À sa sortie de l’hôpital, en 2001, Cécile réalise qu’elle ne peut plus rien faire seule. Triste sort pour celle qui aimait être indépendante. Ses journées se résument à des séances de kiné et quelques sorties en ville. Elle essaye tant bien que mal de reprendre le tennis de table, en vain. « C’était trop frustrant, je suis droitière mais je ne pouvais plus tenir ma raquette de la bonne main. Il y avait un monde entre mon niveau et celui que j’avais avant d’être en fauteuil », regrette-t-elle. La jeune femme passe alors beaucoup de temps à l’Association des Paralysés de France (APF) qui organise de nombreuses activités tout au long de l’année.
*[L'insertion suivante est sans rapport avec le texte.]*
theorem lemmaA9:
  shows "(\<lambda>j. pstar (2 * j + 3)) \<longlonglongrightarrow> 1 / 2"
proof -
  have lim: "(\<lambda>j. ratio_min (Suc j)) \<longlonglongrightarrow> 1/2"
    using LIMSEQ_Suc[OF ratio_min_tendsto] .
  then have "eventually (\<lambda>j. ratio_min (Suc j) < 8/9) sequentially"
    by (rule order_tendstoD) simp
  moreover have "pstar (2 * j + 3) = 1 - ratio_min (Suc j)" if "ratio_min (Suc j) < 8/9" for j
    using pstar_eq_one_minus_ratio_min[of "Suc j"] that by (simp add: eval_nat_numeral)
  ultimately have "eventually (\<lambda>j. 1 - ratio_min (Suc j) = pstar (2 * j + 3)) sequentially"
    by (simp add: eventually_mono)
  moreover have "(\<lambda>j. 1 - ratio_min (Suc j)) \<longlonglongrightarrow> 1 - 1/2"
    by (intro tendsto_diff tendsto_const lim)
  ultimately show ?thesis
    by (simp add: tendsto_cong)
qed

end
C’est dans ce cadre qu’elle participe à une initiation à l’escrime handisport. Sa main droite paralysée, elle apprend à tirer de la main gauche. Celui qui va devenir son entraîneur et mentor, Gilles Bourret, se rappelle très bien de cette première rencontre : « Ce que je lui demandais, elle arrivait à le réaliser. Elle comprenait très rapidement comment attaquer, comment se défendre. J’ai très vite senti son potentiel. » Séduite par la discipline qu’elle vient de découvrir, Cécile prend une licence dans le club du Plessis-Bouchard (Val d’Oise), où Gilles a monté une section handisport. Elle choisit de pratiquer l'épée et le fleuret. « Je voyais le sport comme un moyen de rencontrer du monde, de sortir et d’exister socialement. J’avais aussi l’espoir de récupérer l’usage de certaines parties de mon corps », confie-t-elle.
Plus le temps passe, et plus l’escrime lui plaît. Son niveau est très bon, à tel point que la jeune femme participe, en 2003, à ses premiers Championnats de France avec la catégorie C, celle des tétraplégiques.
Et sur le plan professionnel, la situation évolue enfin. Après plusieurs refus, Cécile obtient la reconnaissance de sa qualité de travailleuse handicapée (RQTH).
Elle peut alors travailler de nouveau et son diplôme d’éducatrice spécialisée lui permet ainsi d'encadrer certains séjours organisés par l'APF.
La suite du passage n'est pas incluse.